→ **PROMPT**
Whenever a line in the data holds the string "assms", pull that line out.

-*-

lemma higher_deriv_add_scaled:
  assumes "smooth f" "smooth g"
  shows "(deriv ^^ i) (\<lambda>t. f t + c * g t) = (\<lambda>t. (deriv ^^ i) f t + c * (deriv ^^ i) g t)"
proof (induction i)
  case (Suc i)
  show ?case
  proof
    fix x
    have "((\<lambda>t. (deriv ^^ i) f t + c * (deriv ^^ i) g t) has_real_derivative
            (deriv ^^ Suc i) f x + c * (deriv ^^ Suc i) g x) (at x)"
      by (intro DERIV_add DERIV_cmult smooth_higher_deriv assms)
    then show "(deriv ^^ Suc i) (\<lambda>t. f t + c * g t) x = (deriv ^^ Suc i) f x + c * (deriv ^^ Suc i) g x"
      using Suc by (simp add: DERIV_imp_deriv)
  qed
qed simp

lemma binomial_sum_step:
  fixes a b :: "nat \<Rightarrow> real"
  shows "(\<Sum>i=0..n. real (n choose i) * (a (Suc i) * b (n-i) + a i * b (Suc (n-i)))) =
         (\<Sum>i=0..Suc n. real (Suc n choose i) * a i * b (Suc n - i))"
proof -
  have Suc_choose: "Suc n choose i = (n choose i) + (if i = 0 then 0 else n choose (i - 1))" for i
    by (cases i) simp_all
  have "(\<Sum>i=0..Suc n. real (Suc n choose i) * a i * b (Suc n - i)) =
        (\<Sum>i=0..Suc n. real (n choose i) * a i * b (Suc n - i)) +
        (\<Sum>i=0..Suc n. real (if i = 0 then 0 else n choose (i - 1)) * a i * b (Suc n - i))"
    by (simp add: Suc_choose sum.distrib algebra_simps)
  also have "(\<Sum>i=0..Suc n. real (n choose i) * a i * b (Suc n - i)) =
             (\<Sum>i=0..n. real (n choose i) * a i * b (Suc (n - i)))"
    by (simp add: Suc_diff_le)
  also have "(\<Sum>i=0..Suc n. real (if i = 0 then 0 else n choose (i - 1)) * a i * b (Suc n - i)) =
             (\<Sum>i=0..n. real (n choose i) * a (Suc i) * b (n - i))"
    by (subst sum.atLeast0_atMost_Suc_shift) simp
  finally show ?thesis by (simp add: sum.distrib algebra_simps)
qed

lemma has_real_derivative_Leibniz_sum:
  assumes "smooth f" "smooth g"
  shows "((\<lambda>z. \<Sum>i=0..n. real (n choose i) * (deriv ^^ i) f z * (deriv ^^ (n-i)) g z) has_real_derivative
     (\<Sum>i=0..Suc n. real (Suc n choose i) * (deriv ^^ i) f z * (deriv ^^ (Suc n - i)) g z)) (at z)"
proof -
  have "((\<lambda>z. (deriv ^^ i) f z * (deriv ^^ j) g z) has_real_derivative
          (deriv ^^ Suc i) f z * (deriv ^^ j) g z + (deriv ^^ i) f z * (deriv ^^ Suc j) g z) (at z)" for i j
    using DERIV_mult[OF smooth_higher_deriv[OF assms(1)] smooth_higher_deriv[OF assms(2)]]
    by (simp add: algebra_simps)
  then have "((\<lambda>z. \<Sum>i=0..n. real (n choose i) * ((deriv ^^ i) f z * (deriv ^^ (n-i)) g z)) has_real_derivative
     (\<Sum>i=0..n. real (n choose i) * ((deriv ^^ Suc i) f z * (deriv ^^ (n-i)) g z
                                     + (deriv ^^ i) f z * (deriv ^^ Suc (n-i)) g z))) (at z)"
    by (intro DERIV_sum DERIV_cmult)
  then show ?thesis
    using binomial_sum_step[of n "\<lambda>i. (deriv ^^ i) f z" "\<lambda>i. (deriv ^^ i) g z"]
    by (simp add: mult.assoc)
qed

lemma higher_deriv_mult:
  assumes "smooth f" "smooth g"
  shows "(deriv ^^ n) (\<lambda>w. f w * g w) =
           (\<lambda>z. \<Sum>i=0..n. real (n choose i) * (deriv ^^ i) f z * (deriv ^^ (n-i)) g z)"
proof (induction n)
  case (Suc n)
  then show ?case
    using DERIV_imp_deriv[OF has_real_derivative_Leibniz_sum[OF assms]] by simp
qed simp

lemma smooth_mult:
  assumes "smooth f" "smooth g"
  shows "smooth (\<lambda>w. f w * g w)"
  by (rule smoothI) (use has_real_derivative_Leibniz_sum[OF assms] in \<open>auto simp: higher_deriv_mult[OF assms]\<close>)

lemma higher_deriv_sin_affine:
  "(deriv ^^ i) (\<lambda>t. sin (a * t + b)) = (\<lambda>t. a ^ i * sin (a * t + b + real i * pi / 2))"
proof (induction i)
  case (Suc i)
  show ?case
  proof
    fix x
    have "((\<lambda>t. a ^ i * sin (a * t + b + real i * pi / 2)) has_real_derivative
           a ^ i * (cos (a * x + b + real i * pi / 2) * a)) (at x)"
      by (rule derivative_eq_intros refl | simp)+
    moreover have "cos (a * x + b + real i * pi / 2) = sin (a * x + b + real (Suc i) * pi / 2)"
    proof -
      have "a * x + b + real (Suc i) * pi / 2 = (a * x + b + real i * pi / 2) + pi / 2"
        by (simp add: algebra_simps)
      then show ?thesis by (simp only: sin_add sin_pi_half cos_pi_half)
    qed
    ultimately show "(deriv ^^ Suc i) (\<lambda>t. sin (a * t + b)) x = a ^ Suc i * sin (a * x + b + real (Suc i) * pi / 2)"
      using Suc by (simp add: DERIV_imp_deriv algebra_simps)
  qed
qed simp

-*-

→ **SOLUTION TO THIS TASK**
      by (intro DERIV_add DERIV_cmult smooth_higher_deriv assms)
    using DERIV_mult[OF smooth_higher_deriv[OF assms(1)] smooth_higher_deriv[OF assms(2)]]
    using DERIV_imp_deriv[OF has_real_derivative_Leibniz_sum[OF assms]] by simp
  by (rule smoothI) (use has_real_derivative_Leibniz_sum[OF assms] in \<open>auto simp: higher_deriv_mult[OF assms]\<close>)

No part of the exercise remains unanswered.